Diversity training is raising issues along with consciousness RUNNING THE GANTLET

October 09, 1994|By Jean Marbella | Jean Marbella,Sun Staff Writer

Tiny, pale and barely visible over the table she's sitting at in her Ednor Gardens rowhouse is the latest high priestess of political correctness -- the woman who dared to make men feel like the victims of sexual harassment.

With sleepy-lidded eyes behind big glasses and a receding, therapist-like demeanor, Louise Eberhardt seems the unlikely cause of a headlines-grabbing sexual harassment lawsuit filed last month by a man.

In the lawsuit, Douglas Hartman, an Illinois air traffic controller, says he was forced to walk through a Tailhook-style gantlet during a workshop designed by Ms. Eberhardt to combat sexual harassment. Mr. Hartman says he became a victim himself when he was groped by his female co-workers, who then rated his sexual attributes.

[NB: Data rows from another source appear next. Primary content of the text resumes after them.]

theorem lemma6:
  fixes N :: nat and h g :: "nat \<Rightarrow> real" and W \<sigma>2 \<kappa> L D T fB :: real
  assumes "N > 0" and "\<forall>n\<in>{1..N}. h n > 0 \<and> g n > 0"
    and "W > 0" and "\<sigma>2 > 0" and "\<kappa> > 0" and "L > 0" and "D > 0" and "T > 0" and "fB > 0"
  shows "valA N h g W \<sigma>2 \<kappa> L D T fB = valC N h g W \<sigma>2 \<kappa> L D T fB \<and>
         valB N h g W \<sigma>2 \<kappa> L D T fB = valC N h g W \<sigma>2 \<kappa> L D T fB \<and>
         valA N h g W \<sigma>2 \<kappa> L D T fB = valB N h g W \<sigma>2 \<kappa> L D T fB"
proof -
  have hg: "\<And>n. n \<in> {1..N} \<Longrightarrow> 0 \<le> h n \<and> 0 \<le> g n"
    using assms(2) by fastforce
  have "valA N h g W \<sigma>2 \<kappa> L D T fB = valC N h g W \<sigma>2 \<kappa> L D T fB"
    using assms by (intro valA_eq_valC[OF _ hg]) auto
  moreover have "valB N h g W \<sigma>2 \<kappa> L D T fB = valC N h g W \<sigma>2 \<kappa> L D T fB"
    using assms by (intro valB_eq_valC[OF _ hg]) auto
  ultimately show ?thesis by simp
qed

end
lemma Lslice_vector_slice:
  assumes iso: "sqnorm (mv T g) = sqnorm g"
  shows "mv T (vector_slice W g \<eta>) = vector_slice W (mv T g) \<eta>"
proof
  fix b
  have "mv T (vector_slice W g \<eta>) b = (\<Sum>y\<in>UNIV. \<Sum>y'\<in>UNIV. \<Sum>c\<in>UNIV. \<Sum>b'\<in>UNIV.
      (cnj (g y) * g y' * \<eta> c) * (W (y, b') (y', c) * \<psi> (block W b b')))"
    unfolding mv_Lslice_block vector_slice_def mv_def[of W] tens_def
    by (subst sum_rotate4[symmetric]) (simp add: sum_UNIV_prod sum_distrib_left sum_distrib_right mult_ac)
  also have "\<dots> = (\<Sum>y\<in>UNIV. \<Sum>y'\<in>UNIV. \<Sum>c\<in>UNIV. \<Sum>p\<in>UNIV. \<Sum>p'\<in>UNIV.
      (\<eta> c * W (p, b) (p', c)) * ((cnj (g y) * g y') * \<psi> (mm (adj (block W p y)) (block W p' y'))))"
    by (simp only: sum_distrib_left[symmetric] psi_block_pentagon_adj12) (simp add: sum_distrib_left mult_ac)
  also have "\<dots> = (\<Sum>p\<in>UNIV. \<Sum>p'\<in>UNIV. \<Sum>c\<in>UNIV. \<Sum>y\<in>UNIV. \<Sum>y'\<in>UNIV.
      (\<eta> c * W (p, b) (p', c)) * ((cnj (g y) * g y') * \<psi> (mm (adj (block W p y)) (block W p' y'))))"
    by (subst sum_swap_pair_triple) (rule sum_rotate3)
  also have "\<dots> = (\<Sum>p\<in>UNIV. \<Sum>p'\<in>UNIV. \<Sum>c\<in>UNIV. (\<eta> c * W (p, b) (p', c)) * \<psi> (mm (adj (row_op W g p)) (row_op W g p')))"
    by (simp add: mm_adj_row_op linear_functional_sum2[OF psi_linear] linear_functional_scale[OF psi_linear]
        sum_distrib_left)
  also have "\<dots> = (\<Sum>p\<in>UNIV. \<Sum>p'\<in>UNIV. \<Sum>c\<in>UNIV. (\<eta> c * W (p, b) (p', c)) * (cnj (mv T g p) * mv T g p'))"
    by (simp add: multiplicative_domain(2)[OF iso] mv_T)
  also have "\<dots> = vector_slice W (mv T g) \<eta> b"
    unfolding vector_slice_def mv_def[of W] tens_def by (simp add: sum_UNIV_prod sum_distrib_left mult_ac)
  finally show "mv T (vector_slice W g \<eta>) b = vector_slice W (mv T g) \<eta> b" .
qed
(* Suppose there exist a language $g\in\mathbf{E}$ and $\iota>0$ such that, for every $n$, every Boolean circuit computing $g|_n$ has size at least $2^{\iota n}$. Then for every $\gamma>0$ there exists $c\in\mathbb{N}^+$ such that, as $n\to\infty$, $$\sup\left\{\frac{|f|_{\mathcal{C}}}{|f|_{\mathcal{U}^c}}: f\in H^n,\ |f|_{\mathcal{U}^c}<+\infty\right\}\in\Omega(n^{1+\gamma}).$$
   Context: Let $\mathcal{B}=\{0,1\}$, let $\mathcal{B}^*$ be the set of finite binary strings and $|h|$ the length of $h\in\mathcal{B}^*$. For $n\in\mathbb{N}^+$, $H^n$ is the set of all functions $\mathcal{B}^n\to\mathcal{B}$. An interpreter is a Turing machine computing a partial function $\varphi:\mathcal{B}^*\times\mathcal{B}^*\to\mathcal{B}\cup\{\bot\}$, where $\bot$ denotes non-halting (or invalid) output. For $f\in H^n$, $|f|_\varphi=\min\{|h|:\varphi(h,x)=f(x)\ \forall x\in\mathcal{B}^n\}$ ($+\infty$ if no such $h$). Turing machines have alphabet $\{0,1,b\}$ ($b$ blank), a finite state set containing an initial state and two final states accept/reject; the output is $1$ if halting in accept, $0$ if halting in reject, $\bot$ otherwise; multi-tape machines have read-only input tapes and read/write work tapes, and the transition function is a finite list of rules. $E(T)$ is a fixed prefix-free binary encoding of a machine $T$ listing its rules (of length at least 2 for every machine). For $c\in\mathbb{N}^+$, $\mathcal{U}^c$ is a time-bounded universal interpreter (a 2-input-tape, 3-work-tape machine): on $(p,x)$ with $n=|x|$, it checks within $n^c$ steps whether $p=E(T)u$ for a two-input-tape machine $T$ and $u\in\mathcal{B}^*$ (outputting $\bot$ if not, or if the check does not finish), then simulates $T$ on $(u,x)$ with an efficient universal simulation (Hennie–Stearns, overhead $O(t\log t)$ for $t$ simulated steps), devoting at most $n^c$ of its own steps to the simulation; it outputs $T$'s output if $T$ halts within this budget and $0$ otherwise. For fixed $p$ it runs in at most $\beta n^c$ steps for a constant $\beta$. In particular, if a Turing machine computes $g:\mathcal{B}^*\to\mathcal{B}$ in time $O(n^{c'})$ with $c'<c$, there is $h\in\mathcal{B}^*$ with $\mathcal{U}^c(h,x)=g(x)$ for all $x$ of sufficiently large length. A Boolean circuit on $n$ inputs is a DAG with a unique sink (output) whose sources are labelled by input indices in $\{1,\dots,n\}$ and whose other vertices (gates) are labelled AND, OR (two incoming edges) or NOT (one incoming edge); its size $|C|$ is its number of vertices. The circuit interpreter $\mathcal{C}$ reads a program $h=0^{\lceil\log_2 n\rceil}1\,[\text{binary expansion of } n]\,0^{|C|}1\,[\text{description of vertex } i]_{i=1}^{|C|}$, each vertex being described by its label and its parents/input index using $\max\{2\lceil\log_2|C|\rceil,\lceil\log_2 n\rceil\}$ bits beyond the label bits, so a circuit $C$ on $n$ inputs has encoding length $L(|C|,n)=2\lceil\log_2 n\rceil+2+|C|(3+\max\{2\lceil\log_2|C|\rceil,\lceil\log_2 n\rceil\})$; $\mathcal{C}(h,x)$ is the circuit's output on $x\in\mathcal{B}^n$, and $\bot$ if $h$ is malformed. Hence $|f|_{\mathcal{C}}=\min\{L(|C|,n): C \text{ computes } f\}$. A language is a subset $L\subseteq\mathcal{B}^*$, identified with its indicator function; $L|_n\in H^n$ is its restriction to inputs of length $n$. $\mathbf{E}$ is the class of languages decidable by a deterministic Turing machine in time $2^{O(n)}$. *)

theory Defs
  imports Complex_Main "HOL-Library.Extended_Nat" "HOL-Library.Landau_Symbols"
begin
lemma inverse_square_decay_imp_bound:
  fixes f :: "real \<Rightarrow> 'a::real_normed_vector"
  assumes cont: "continuous_on UNIV f"
    and decay: "\<And>x. X \<le> \<bar>x\<bar> \<Longrightarrow> norm (f x) \<le> C / x\<^sup>2"
  obtains D where "\<And>x. norm (f x) \<le> D * inverse (1 + x\<^sup>2)"
proof -
  define X1 where "X1 = max X 1"
  have "compact (f ` {-X1..X1})"
    by (rule compact_continuous_image) (use cont in \<open>auto intro: continuous_on_subset\<close>)
  then obtain M where "M > 0" and M: "\<And>x. x \<in> {-X1..X1} \<Longrightarrow> norm (f x) \<le> M"
    using compact_imp_bounded bounded_pos by (metis image_eqI)
  define D where "D = M * (1 + X1\<^sup>2) + 2 * \<bar>C\<bar>"
  have "norm (f x) \<le> D * inverse (1 + x\<^sup>2)" for x
  proof (cases "\<bar>x\<bar> \<le> X1")
    case True
    then have "x\<^sup>2 \<le> X1\<^sup>2"
      using abs_le_square_iff[of x X1] by (simp add: X1_def)
    have "norm (f x) \<le> M"
      using M True by (simp add: abs_le_iff)
    also have "\<dots> \<le> M * (1 + X1\<^sup>2) * inverse (1 + x\<^sup>2)"
      using \<open>M > 0\<close> \<open>x\<^sup>2 \<le> X1\<^sup>2\<close> by (simp add: field_simps add_pos_nonneg)
    also have "\<dots> \<le> D * inverse (1 + x\<^sup>2)"
      by (intro mult_right_mono) (auto simp: D_def)
    finally show ?thesis .
  next
    case False
    then have "X \<le> \<bar>x\<bar>" "1 \<le> \<bar>x\<bar>"
      by (auto simp: X1_def)
    then have "1 \<le> x\<^sup>2"
      by (metis power2_abs one_le_power)
    have "norm (f x) \<le> \<bar>C\<bar> / x\<^sup>2"
      using decay[OF \<open>X \<le> \<bar>x\<bar>\<close>] divide_right_mono[OF abs_ge_self[of C] zero_le_power2[of x]]
      by linarith
    also have "\<dots> \<le> 2 * \<bar>C\<bar> * inverse (1 + x\<^sup>2)"
    proof -
      have "\<bar>C\<bar> * (1 + x\<^sup>2) \<le> \<bar>C\<bar> * (2 * x\<^sup>2)"
        using \<open>1 \<le> x\<^sup>2\<close> by (intro mult_left_mono) auto
      moreover have "0 < x\<^sup>2"
        using \<open>1 \<le> x\<^sup>2\<close> by linarith
      ultimately show ?thesis
        by (simp add: field_simps add_pos_nonneg)
    qed
    also have "\<dots> \<le> D * inverse (1 + x\<^sup>2)"
      using \<open>M > 0\<close> by (intro mult_right_mono) (auto simp: D_def)
    finally show ?thesis .
  qed
  then show thesis
    by (rule that)
qed
definition SA :: "nat \<Rightarrow> 'a sa_alg \<Rightarrow> bool" where
  "SA n A \<longleftrightarrow>
     boolean_alg A \<and>
     (\<forall>i j. i \<noteq> j \<and> i < n \<and> j < n \<longrightarrow> bool_endo A (sub A i j) \<and> bool_endo A (swp A i j)) \<and>
     (\<forall>w1 w2. list_all (valid_letter n) w1 \<and> list_all (valid_letter n) w2 \<and>
              (\<forall>k<n. word_map w1 k = word_map w2 k) \<longrightarrow>
              (\<forall>x\<in>carrier A. word_op A w1 x = word_op A w2 x))"

definition leq :: "'a sa_alg \<Rightarrow> 'a \<Rightarrow> 'a \<Rightarrow> bool" where
  "leq A x y \<longleftrightarrow> meet A x y = x"

definition zero :: "'a sa_alg \<Rightarrow> 'a" where
  "zero A = meet A (SOME x. x \<in> carrier A) (cmpl A (SOME x. x \<in> carrier A))"

definition atoms :: "'a sa_alg \<Rightarrow> 'a set" where
  "atoms A = {a \<in> carrier A. a \<noteq> zero A \<and>
       (\<forall>b\<in>carrier A. leq A b a \<longrightarrow> b = zero A \<or> b = a)}"

definition is_inf :: "'a sa_alg \<Rightarrow> 'a set \<Rightarrow> 'a \<Rightarrow> bool" where
  "is_inf A Y p \<longleftrightarrow> p \<in> carrier A \<and> (\<forall>y\<in>Y. leq A p y) \<and>
     (\<forall>z\<in>carrier A. (\<forall>y\<in>Y. leq A z y) \<longrightarrow> leq A z p)"

definition Cm_At :: "'a sa_alg \<Rightarrow> 'a set sa_alg" where
  "Cm_At A =
     \<lparr> carrier = Pow (atoms A),
       meet = (\<inter>),
       cmpl = (\<lambda>Y. atoms A - Y),
       sub = (\<lambda>i j Y. {a \<in> atoms A. \<exists>b\<in>Y. leq A a (sub A i j b)}),
       swp = (\<lambda>i j Y. {a \<in> atoms A. \<exists>b\<in>Y. leq A a (swp A i j b)}) \<rparr>"

definition dipermutable :: "nat \<Rightarrow> (nat \<Rightarrow> 'u) set \<Rightarrow> bool" where
  "dipermutable n D \<longleftrightarrow>
     D \<subseteq> ({..<n} \<rightarrow>\<^sub>E (UNIV :: 'u set)) \<and>
     (\<forall>i j q. i \<noteq> j \<and> i < n \<and> j < n \<and> q \<in> D \<longrightarrow>
        q \<circ> repl i j \<in> D \<and> q \<circ> transp i j \<in> D)"

definition comp_rep_hom ::
  "nat \<Rightarrow> 'a sa_alg \<Rightarrow> (nat \<Rightarrow> 'u) set \<Rightarrow> ('a \<Rightarrow> (nat \<Rightarrow> 'u) set) \<Rightarrow> bool" where
  "comp_rep_hom n B D g \<longleftrightarrow>
     (\<forall>x\<in>carrier B. g x \<subseteq> D) \<and>
     inj_on g (carrier B) \<and>
     (\<forall>x\<in>carrier B. \<forall>y\<in>carrier B. g (meet B x y) = g x \<inter> g y) \<and>
     (\<forall>x\<in>carrier B. g (cmpl B x) = D - g x) \<and>
     (\<forall>i j. i \<noteq> j \<and> i < n \<and> j < n \<longrightarrow>
        (\<forall>x\<in>carrier B. g (sub B i j x) = {q \<in> D. q \<circ> repl i j \<in> g x}) \<and>
        (\<forall>x\<in>carrier B. g (swp B i j x) = {q \<in> D. q \<circ> transp i j \<in> g x})) \<and>
     (\<forall>Y p. Y \<subseteq> carrier B \<and> is_inf B Y p \<longrightarrow> g p = D \<inter> \<Inter> (g ` Y))"

definition completely_representable :: "nat \<Rightarrow> 'a sa_alg \<Rightarrow> 'u itself \<Rightarrow> bool" where
  "completely_representable n B (_ :: 'u itself) \<longleftrightarrow>
     (\<exists>(D :: (nat \<Rightarrow> 'u) set) g. dipermutable n D \<and> comp_rep_hom n B D g)"

end

theory Submission
  imports Defs
begin

text \<open>Under a complete representation g of A on D the images of the atoms partition D:
  they are disjoint because g preserves meets and is injective, and they cover D because
  the infimum of all elements whose image contains a point q would otherwise be zero,
  while g maps that infimum onto a set containing q. Hence sending a set of atoms X to
  the union of the images of its members is a complete representation of
  \<open>Cm_At A\<close> on the same base D; the operations s^i_j and s_ij of the complex algebra
  are carried to the set operations because every point of D lies below exactly one atom.\<close>

lemma SA_boolean_alg: "SA n A \<Longrightarrow> boolean_alg A"
  unfolding SA_def by (elim conjE)

lemma SA_operators_closed:
  assumes "SA n A" "i \<noteq> j" "i < n" "j < n" "x \<in> carrier A"
  shows "sub A i j x \<in> carrier A \<and> swp A i j x \<in> carrier A"
proof -
  have "bool_endo A (sub A i j)" "bool_endo A (swp A i j)"
    using assms(1-4) unfolding SA_def by blast+
  with assms(5) show ?thesis unfolding bool_endo_def by blast
qed

lemma carrier_Cm_At: "carrier (Cm_At A) = Pow (atoms A)"
  by (simp add: Cm_At_def)

lemma leq_Cm_At: "leq (Cm_At A) U V \<longleftrightarrow> U \<subseteq> V"
  by (auto simp: leq_def Cm_At_def)

lemma is_inf_Cm_At_iff: "is_inf (Cm_At A) Ys P \<longleftrightarrow> P = atoms A \<inter> \<Inter> Ys"
proof
  assume "is_inf (Cm_At A) Ys P"
  then have lower: "P \<subseteq> atoms A" "\<And>Y. Y \<in> Ys \<Longrightarrow> P \<subseteq> Y"
    and greatest: "\<And>Z. Z \<subseteq> atoms A \<Longrightarrow> (\<And>Y. Y \<in> Ys \<Longrightarrow> Z \<subseteq> Y) \<Longrightarrow> Z \<subseteq> P"
    unfolding is_inf_def leq_Cm_At carrier_Cm_At by auto
  have "atoms A \<inter> \<Inter> Ys \<subseteq> P"
    by (rule greatest) auto
  with lower show "P = atoms A \<inter> \<Inter> Ys" by blast
next
  assume "P = atoms A \<inter> \<Inter> Ys"
  then show "is_inf (Cm_At A) Ys P"
    unfolding is_inf_def leq_Cm_At carrier_Cm_At by blast
qed

locale complete_representation =
  fixes n :: nat and A :: "'a sa_alg" and D :: "(nat \<Rightarrow> 'u) set" and g :: "'a \<Rightarrow> (nat \<Rightarrow> 'u) set"
  assumes boolean: "boolean_alg A"
    and hom: "comp_rep_hom n A D g"
begin

lemma carrier_nonempty: "carrier A \<noteq> {}"
  and meet_closed: "x \<in> carrier A \<Longrightarrow> y \<in> carrier A \<Longrightarrow> meet A x y \<in> carrier A"
  and cmpl_closed: "x \<in> carrier A \<Longrightarrow> cmpl A x \<in> carrier A"
  using boolean unfolding boolean_alg_def by auto

lemma image_subset: "x \<in> carrier A \<Longrightarrow> g x \<subseteq> D"
  and inj: "inj_on g (carrier A)"
  and image_meet: "x \<in> carrier A \<Longrightarrow> y \<in> carrier A \<Longrightarrow> g (meet A x y) = g x \<inter> g y"
  and image_cmpl: "x \<in> carrier A \<Longrightarrow> g (cmpl A x) = D - g x"
  and image_inf: "Y \<subseteq> carrier A \<Longrightarrow> is_inf A Y p \<Longrightarrow> g p = D \<inter> \<Inter> (g ` Y)"
  using hom unfolding comp_rep_hom_def by auto

lemma image_eq_iff: "x \<in> carrier A \<Longrightarrow> y \<in> carrier A \<Longrightarrow> g x = g y \<longleftrightarrow> x = y"
  using inj by (auto dest: inj_onD)

lemma leq_iff_image_subset:
  assumes "x \<in> carrier A" "y \<in> carrier A"
  shows "leq A x y \<longleftrightarrow> g x \<subseteq> g y"
proof -
  have "leq A x y \<longleftrightarrow> g (meet A x y) = g x"
    unfolding leq_def using assms by (simp add: image_eq_iff meet_closed)
  also have "\<dots> \<longleftrightarrow> g x \<subseteq> g y"
    using assms by (auto simp: image_meet)
  finally show ?thesis .
qed

lemma zero_closed: "zero A \<in> carrier A"
  and image_zero: "g (zero A) = {}"
proof -
  let ?c = "SOME x. x \<in> carrier A"
  have c: "?c \<in> carrier A"
    using carrier_nonempty by (simp add: some_in_eq)
  show "zero A \<in> carrier A"
    unfolding zero_def using c by (simp add: meet_closed cmpl_closed)
  show "g (zero A) = {}"
    unfolding zero_def using c by (auto simp: image_meet cmpl_closed image_cmpl)
qed

lemma eq_zero_iff_image_empty: "x \<in> carrier A \<Longrightarrow> x = zero A \<longleftrightarrow> g x = {}"
  using image_eq_iff[OF _ zero_closed] image_zero by auto

lemma atoms_iff_image:
  "a \<in> atoms A \<longleftrightarrow> a \<in> carrier A \<and> g a \<noteq> {} \<and>
     (\<forall>b\<in>carrier A. g b \<subseteq> g a \<longrightarrow> g b = {} \<or> g b = g a)"
proof (cases "a \<in> carrier A")
  case True
  then have "(\<forall>b\<in>carrier A. leq A b a \<longrightarrow> b = zero A \<or> b = a) \<longleftrightarrow>
      (\<forall>b\<in>carrier A. g b \<subseteq> g a \<longrightarrow> g b = {} \<or> g b = g a)"
    by (simp add: leq_iff_image_subset eq_zero_iff_image_empty image_eq_iff)
  then show ?thesis
    unfolding atoms_def using True eq_zero_iff_image_empty by auto
qed (simp add: atoms_def)

lemma atom_in_carrier: "a \<in> atoms A \<Longrightarrow> a \<in> carrier A"
  by (simp add: atoms_def)

lemma atom_image_nonempty: "a \<in> atoms A \<Longrightarrow> g a \<noteq> {}"
  by (simp add: atoms_iff_image)

lemma atom_leq_if_images_meet:
  assumes a: "a \<in> atoms A" and x: "x \<in> carrier A" and q: "q \<in> g a" "q \<in> g x"
  shows "leq A a x"
proof -
  have ac: "a \<in> carrier A" using a by (rule atom_in_carrier)
  have "g (meet A a x) \<subseteq> g a" and "q \<in> g (meet A a x)"
    using ac x q by (auto simp: image_meet)
  then have "g (meet A a x) = g a"
    using a meet_closed[OF ac x] unfolding atoms_iff_image by blast
  then show ?thesis
    using ac x by (auto simp: image_meet leq_iff_image_subset)
qed

lemma atom_images_disjoint:
  assumes "a \<in> atoms A" "b \<in> atoms A" "q \<in> g a" "q \<in> g b"
  shows "a = b"
proof -
  have "leq A a b" and "leq A b a"
    using assms by (auto intro: atom_leq_if_images_meet atom_in_carrier)
  then show ?thesis
    using assms by (auto simp: leq_iff_image_subset atom_in_carrier image_eq_iff)
qed

lemma inf_of_filter_is_zero:
  assumes q: "q \<in> D"
    and no_least: "\<not> (\<exists>z\<in>carrier A. q \<in> g z \<and> (\<forall>y\<in>carrier A. q \<in> g y \<longrightarrow> g z \<subseteq> g y))"
  shows "is_inf A {y \<in> carrier A. q \<in> g y} (zero A)"
  unfolding is_inf_def
proof (intro conjI ballI impI zero_closed)
  fix y assume "y \<in> {y \<in> carrier A. q \<in> g y}"
  then show "leq A (zero A) y"
    by (simp add: leq_iff_image_subset zero_closed image_zero)
next
  fix z assume z: "z \<in> carrier A" and lower: "\<forall>y\<in>{y \<in> carrier A. q \<in> g y}. leq A z y"
  then have lower': "\<forall>y\<in>carrier A. q \<in> g y \<longrightarrow> g z \<subseteq> g y"
    by (simp add: leq_iff_image_subset)
  then have "q \<notin> g z" using z no_least by blast
  then have "q \<in> g (cmpl A z)"
    using z q by (simp add: image_cmpl)
  then have "g z \<subseteq> g (cmpl A z)"
    using lower' z by (simp add: cmpl_closed)
  then have "g z = {}" using z by (auto simp: image_cmpl)
  then show "leq A z (zero A)"
    using z by (simp add: leq_iff_image_subset zero_closed image_zero)
qed

lemma atom_images_cover:
  assumes q: "q \<in> D"
  shows "\<exists>a\<in>atoms A. q \<in> g a"
proof (cases "\<exists>z\<in>carrier A. q \<in> g z \<and> (\<forall>y\<in>carrier A. q \<in> g y \<longrightarrow> g z \<subseteq> g y)")
  case True
  then obtain z where z: "z \<in> carrier A" "q \<in> g z"
    and least: "\<forall>y\<in>carrier A. q \<in> g y \<longrightarrow> g z \<subseteq> g y" by blast
  have "g b = {} \<or> g b = g z" if b: "b \<in> carrier A" "g b \<subseteq> g z" for b
  proof (cases "q \<in> g b")
    case True
    then show ?thesis using least b by blast
  next
    case False
    then have "g z \<subseteq> D - g b"
      using least b q by (metis Diff_iff cmpl_closed image_cmpl)
    then show ?thesis using b by blast
  qed
  then have "z \<in> atoms A"
    using z unfolding atoms_iff_image by blast
  then show ?thesis using z by blast
next
  case False
  have "g (zero A) = D \<inter> \<Inter> (g ` {y \<in> carrier A. q \<in> g y})"
    by (rule image_inf) (use inf_of_filter_is_zero[OF q False] in auto)
  then show ?thesis using q image_zero by blast
qed

definition atom_union :: "'a set \<Rightarrow> (nat \<Rightarrow> 'u) set" where
  "atom_union X = \<Union> (g ` X)"

lemma atom_union_subset: "X \<subseteq> atoms A \<Longrightarrow> atom_union X \<subseteq> D"
  unfolding atom_union_def using image_subset atom_in_carrier by blast

lemma atom_union_mono_iff:
  assumes "X \<subseteq> atoms A" "Y \<subseteq> atoms A"
  shows "atom_union X \<subseteq> atom_union Y \<longleftrightarrow> X \<subseteq> Y"
proof
  assume sub: "atom_union X \<subseteq> atom_union Y"
  show "X \<subseteq> Y"
  proof
    fix a assume a: "a \<in> X"
    obtain q where q: "q \<in> g a" using a assms atom_image_nonempty by blast
    then obtain b where "b \<in> Y" "q \<in> g b"
      using a sub unfolding atom_union_def by blast
    then show "a \<in> Y" using atom_images_disjoint[of a b q] a q assms by blast
  qed
qed (auto simp: atom_union_def)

"The gantlet," Ms. Eberhardt says with a sigh about the exercise that, by her estimate, took less than one minute of a three-day workshop that her Baltimore company, Hart Performance Group, developed for Federal Aviation Administration employees.

"It had nothing to do with Tailhook," she says, referring to the infamous 1991 convention of Navy and Marine aviators at which women were manhandled by a gantlet of their drunken colleagues.

"It came out of the [air traffic controllers'] workplace itself," Ms. Eberhardt says. "They work in this very dark place, they sit in these long rows, and whenever a woman walks down the aisle, men will turn around and make comments or pull up their dresses."

After repeated complaints from female and minority air traffic controllers in the Chicago area, the FAA hired Ms. Eberhardt in 1989 to design workshops for the controllers, largely white males, to sensitize them to the changing make-up of their workplace.

Mr. Hartman, a 43-year-old air traffic controller from Aurora, Ill., was one of 8,000 FAA employees who went through diversity training. He attended a workshop in June 1992 that was designed by Ms. Eberhardt and conducted by one of her employees.

Ms. Eberhardt says she included the Tailhook-style gantlet in all her FAA workshops to jar male participants into understanding what women often face in the workplace. Mr. Hartman was more than jarred. He was outraged.

After complaining to his supervisors to no avail, he filed a $300,000 lawsuit last month against the Department of Transportation.

"If you want people to respect each other, you have to treat them with respect. If you want to stop abusive behavior, you can't abuse people," Mr. Hartman says. "I don't treat people that way, and so I raised objections to being treated that way. I was accused of being in denial, and that I was a racist and a sexist. They presumed who I was because I fell into a certain classification . . . white male. I resent that."

His lawsuit has reignited a long-running debate over the use and effectiveness of diversity training, an increasingly common phenomenon in today's workplace.

On one side are those who say diversity training needs to be intensely personal and dramatic to sensitize employees to the experiences of colleagues who may come from radically different backgrounds than their own. On the other side are those who say the training, however well-intended, often turns into an exercise in political correctness, in which white males are the bad guys and every one else is a victim.

For Ms. Eberhardt, 50, the lawsuit has become a gantlet of sorts for her and her company.

Her consulting work for the FAA, which says it has paid her $1.18 million since 1992, has been put on hold. The federal Inspector General, which had begun investigating FAA training 2 1/2 years ago over complaints about another program, has expanded the probe recently to include the allegations against Ms. Eberhardt's seminars.

And she worries that the controversy could hurt her ability to attract new clients, though her firm is not being sued.

All the attention is at odds with what Ms. Eberhardt calls her "laid-back" style.

"People expect to see this abrasive person," says Ms. Eberhardt, who has been doing various forms of business consulting and group training for about 20 years.

Instead they find a woman who personifies the liberal, personal-growth, therapeutic culture that has taken root to such an extent that even the president of the United States attends workshops where he talks about growing up as a fat boy and unabashedly says things like, "I feel your pain."

Ms. Eberhardt speaks carefully and with pervasive sensitivity: She prefers the term "people of color," for example, to "minorities," because, after all, they aren't minorities if you look at the world at large. And, even as she disputes Mr. Hartman's account of the seminar, she makes clear that even his complaint should be listened to.

"I have a lot of empathy for white men today," she says. "I think it's hard for them to adapt to all the changes in the workplace today."